Hipólito, el de la esquina, me dijo que cuando
su abuelo se murió, se puso duro como una tabla y que a los muertos se los
entierra, porque así duros, no se los puede plegar y guardar en un sitio que
evite que estén siempre en el medio.
Se los podría guardar en el altillo, o en el
galpón de las herramientas. Pero así, duros y sin doblar, no hay altillo ni
galpón en que puedan caber sin molestar cuando vas a buscar el maíz para las
gallinas o las tijeras de podar.
Por eso, urgía hacer algo con la tía. Porque
parece que otra desventaja de morirte es que al tiempo empiezas a oler fatal.
Como si no te ducharas durante meses. Hay que ver que los muertos no se pueden
duchar, que ni siquiera pueden abrir el grifo, y menos aún sostener la cortina
del baño para que no se salga toda el agua para afuera.
Al final decidieron que había que ir a buscar
al cura, que no había forma de entretener a la tía durante más tiempo sin que
se pusiera dura del todo.
Yo no sé bien para qué fueron a buscarlo,
porque hacer, no hizo nada. ¿Los curas no hacen milagros? Pues este, no. Ni la
resucitó, ni nada de nada.
La tía no opinaba, pero sus ojos fijos en la
cazuela humeante que nadie había quitado del fuego lo decían todo.
El cura dijo que había que cerrarle los ojos y
llevarla a un sitio en que pudiera reposar. Entonces se armó un pequeño
revuelo. Tenían que decidir si la ponían estirada en el sofá, o la llevaban a
su cama.
Mi hermana, que a esas alturas ya se había
enterado de que la tía no estaba dormida, y compartía habitación con ella, puso
el grito en el cielo. Que ella no quería tener a la muerta al lado.
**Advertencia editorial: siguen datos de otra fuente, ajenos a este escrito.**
lemma isolated_white_vertex_from_component:
  assumes "S \<in> min_psd_forcing_sets V E" and "C \<in> components_minus V E S"
  shows "\<exists>S'\<in>min_psd_forcing_sets V E. \<exists>v\<in>V - S'. {y. E v y} \<subseteq> S'"
  using assms
proof (induction "card C" arbitrary: S C rule: less_induct)
  case less
  note S = less.prems(1) and C = less.prems(2)
  obtain u v where "u \<in> S" and uv: "{x. E u x} \<inter> C = {v}"
    using psd_forcing_set_forces_into_component[OF _ C] S by (auto simp: min_psd_forcing_sets_def)
  show ?case
  proof (cases "C = {v}")
    case True
    then have "v \<in> V - S"
      using components_minus_subset[OF C] by blast
    moreover have "{y. E v y} \<subseteq> S"
      using components_minus_edge_closed[OF C] True by fastforce
    ultimately show ?thesis
      using S by blast
  next
    case False
    then obtain z where "z \<in> C" "z \<noteq> v"
      using uv by blast
    let ?T = "insert v (S - {u})"
    have "z \<in> V - ?T"
      using \<open>z \<in> C\<close> \<open>z \<noteq> v\<close> components_minus_subset[OF C] by blast
    then have "component ?T z \<in> components_minus V E ?T"
      unfolding components_minus_iff by blast
    moreover have "component ?T z \<subset> C"
      using component_after_swap_subset[OF C uv \<open>z \<in> C\<close> \<open>z \<noteq> v\<close>] uv by blast
    then have "card (component ?T z) < card C"
      using psubset_card_mono components_minus_finite[OF C] by blast
    ultimately show ?thesis
      using less.hyps min_psd_forcing_set_swap[OF S \<open>u \<in> S\<close> C uv] by blast
  qed
qed

lemma Z_plus_less_card:
  assumes "E x y"
  shows "Z_plus V E < card V"
proof -
  have "x \<in> V" "y \<in> V" "x \<noteq> y"
    using assms edge_in_V no_loop by (blast, blast, metis)
  have "{x} \<in> components_minus V E (V - {x})"
    using isolated_in_components_minus \<open>x \<in> V\<close> edge_in_V no_loop by blast
  moreover have "{z. E y z} \<inter> {x} = {x}"
    using assms edge_sym by blast
  ultimately have "psd_force_step V E (V - {x}) V"
    unfolding psd_force_step_def using \<open>x \<in> V\<close> \<open>y \<in> V\<close> \<open>x \<noteq> y\<close> by blast
  then have "psd_forcing_set V E (V - {x})"
    by (auto simp: psd_forcing_set_def)
  then show ?thesis
    using Z_plus_le_card finite_V \<open>x \<in> V\<close> by (meson card_Diff1_less le_less_trans)
qed
(* Let $N$ be a finite nonempty set, $p\notin N$, $N'=N\cup\{p\}$, and let $\mathscr{B}$ be any minimal balanced collection on $N'$. Then $\mathscr{B}$ is obtained from minimal balanced collections on $N$ by one of the following four constructions: (1) there are a minimal balanced collection $\mathscr{C}=\{S_1,\dots,S_k\}$ on $N$ with balancing weights $\lambda$ and $I\subseteq[k]$ with $\lambda_I=1$ such that $\mathscr{B}=\{S_i\cup\{p\}\mid i\in I\}\cup\{S_i\mid i\notin I\}$; (2) there are such $\mathscr{C},\lambda$ and $I\subseteq[k]$ with $\lambda_I<1$ such that $\mathscr{B}=\{S_i\cup\{p\}\mid i\in I\}\cup\{S_i\mid i\notin I\}\cup\{\{p\}\}$; (3) there are such $\mathscr{C},\lambda$, $I\subseteq[k]$ and $\delta\in[k]\setminus I$ with $1>\lambda_I>1-\lambda_{S_\delta}$ such that $\mathscr{B}=\{S_i\cup\{p\}\mid i\in I\}\cup\{S_i\mid i\notin I\}\cup\{S_\delta\cup\{p\}\}$; (4) there are two distinct minimal balanced collections $\mathscr{C}^1,\mathscr{C}^2$ on $N$ whose union $\mathscr{C}=\{S_1,\dots,S_k\}$ has incidence matrix $A^{\mathscr{C}}$ of rank $k-1$, and $I\subseteq[k]$ with $\mu_I\neq\nu_I$ and $t^I=(1-\mu_I)/(\nu_I-\mu_I)\in\,]0,1[$, such that $\mathscr{B}=\{S_i\cup\{p\}\mid i\in I\}\cup\{S_i\mid i\notin I\}$ (here $\mu,\nu$ are the balancing weights of $\mathscr{C}^1,\mathscr{C}^2$ extended by $0$ to $\mathscr{C}$). Consequently, applying all four constructions to all minimal balanced collections on $N$ (and all pairs of them) yields exactly the set of minimal balanced collections on $N'$.
   Context: For $T\subseteq N$, $\mathbf{1}^T\in\mathbb{R}^N$ denotes the characteristic vector of $T$. A collection $\mathscr{B}$ of nonempty subsets of a finite set $N$ is balanced if there exist positive weights $(\lambda_S)_{S\in\mathscr{B}}$ (balancing weights) with $\sum_{S\in\mathscr{B}}\lambda_S\mathbf{1}^S=\mathbf{1}^N$. A balanced collection is minimal if it contains no balanced proper subcollection; equivalently, its system of balancing weights is unique. For a collection $\mathscr{C}=\{S_1,\dots,S_k\}$, $A^{\mathscr{C}}$ is the $|N|\times k$ matrix with columns $\mathbf{1}^{S_1},\dots,\mathbf{1}^{S_k}$; for weights $w$ and $I\subseteq[k]=\{1,\dots,k\}$, $w_I=\sum_{i\in I}w_{S_i}$. *)

theory Defs
  imports Main "HOL-Library.Indicator_Function"
begin
lemma residue_ring_char:
  assumes p: "Factorial_Ring.prime (p::nat)"
  shows "[p] \<cdot>\<^bsub>residue_ring (int p)\<^esub> \<one>\<^bsub>residue_ring (int p)\<^esub> = \<zero>\<^bsub>residue_ring (int p)\<^esub>"
proof -
  interpret Z: residues_prime p "residue_ring (int p)" by unfold_locales (use p in auto)
  have "[(k::nat)] \<cdot>\<^bsub>residue_ring (int p)\<^esub> \<one>\<^bsub>residue_ring (int p)\<^esub> = int k mod int p" for k
  proof (induction k)
    case 0 then show ?case by (simp add: Z.res_zero_eq)
  next
    case (Suc k) then show ?case
      by (simp add: Z.res_add_eq Z.res_one_eq) (metis add.commute mod_add_left_eq)
  qed
  from this[of p] show ?thesis by (simp add: Z.res_zero_eq)
qed

text \<open>The carrier type is the one of the closures built by \<open>field.alg_closure\<close>.\<close>

lemma exists_algebraically_closed_char:
  assumes p: "Factorial_Ring.prime (p::nat)"
  shows "\<exists>L :: ((int list \<times> nat) multiset \<Rightarrow> int) ring.
           algebraically_closed L \<and> [p] \<cdot>\<^bsub>L\<^esub> \<one>\<^bsub>L\<^esub> = \<zero>\<^bsub>L\<^esub>"
proof -
  interpret Z: residues_prime p "residue_ring (int p)" by unfold_locales (use p in auto)
  define L where "L = Z.alg_closure"
  have cl: "algebraic_closure L (Z.indexed_const ` carrier (residue_ring (int p)))"
    and hom: "Z.indexed_const \<in> ring_hom (residue_ring (int p)) L"
    using Z.alg_closureE unfolding L_def by auto
  interpret L: algebraic_closure L "Z.indexed_const ` carrier (residue_ring (int p))" by (rule cl)
  interpret H: ring_hom_ring "residue_ring (int p)" L Z.indexed_const
    using hom by (intro ring_hom_ringI2) (auto simp: Z.ring_axioms L.ring_axioms)
  have "[p] \<cdot>\<^bsub>L\<^esub> \<one>\<^bsub>L\<^esub> = Z.indexed_const ([p] \<cdot>\<^bsub>residue_ring (int p)\<^esub> \<one>\<^bsub>residue_ring (int p)\<^esub>)"
    by (simp add: H.hom_add_pow_nat)
  also have "\<dots> = \<zero>\<^bsub>L\<^esub>" using residue_ring_char[OF p] by simp
  finally show ?thesis using L.algebraically_closed_axioms by blast
qed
—Será solo un rato —dijo mamá. Y el tío y
papá, que cargaban resoplando el cuerpo de la tía, enfilaron por el pasillo.
Pero mi hermana subió el listón y empezó a
llorar con ese llanto finito e insoportable que usa a veces. El tío y papá,
retrocediendo el pasillo para llevarla al salón.
—Pero ¿qué hacéis? —dijo mi madre —Ni caso a
la niña, que no podemos tener a la tía ahí a la vista de todos. El cura tiene
que darle el sacramento.
Berrido agudo de mi hermana. Dudas en el
pasillo. La tía empezó a resbalarse. El culo le tocaba en el suelo, y la falda
se le levantaba cada vez más.
Mientras, era el cura el que se llevaba las
manos a la cabeza.
—Señores, por favor. Un respeto por la
difunta.
En eso, empezó a salir un humo negro de la
cocina. Nadie había apagado el fuego de la bechamel. El tío largó los pies de
la tía Filomena y fue corriendo para intentar hacer algo, pero llegó tarde.
Desde entonces, los azulejos de la cocina, que eran blancos, están negros y el
techo parece un cielo de noche.
El cura dijo que se tenía que ir y que dejaran
el cuerpo en un sitio de una vez.
El tío se había quemado los dedos al intentar
sacar la cacerola de la hornalla, así que papá decidió arrastrarla solo hasta
el sofá.
El cura pronunció unas palabras que nadie
entendió y empezó a mojar a la tía con el agua de un frasquito. Menos mal que
estaba muerta, porque si hay algo que a la tía no le gustaba, era que la
salpicáramos cuando armábamos la piscina de lona en el fondo. Pero claro, eso
el cura no lo sabría. Y la tía, que ya estaría muerta de estar muerta, se lo
dejó pasar.
Pero lo que yo creo que nunca nos perdonó fue
que dejáramos que se quemara la bechamel.
A veces, por las noches, se la escucha
perfectamente trastear con las cacerolas en la cocina. Yo no creo en fantasmas,
por eso no se lo digo a mi mamá. Porque, además, parece que ese asunto de la
pensión era de verdad muy complicado. Todos en casa, tienen cara de
preocupados. Que las cosas de oro de la tía solo dan para un mes más de
alquiler, he escuchado que decían.
Y siguen discutiendo entre ellos, como cuando mi
primo el Benja y yo nos ponemos farrucos y no hay quien consiga que hagamos las
paces.
En el fondo no creo que nadie la eche tanto de
menos como yo. Que extraño mucho a la tía Filomena. Y, sobre todo, a sus
croquetas.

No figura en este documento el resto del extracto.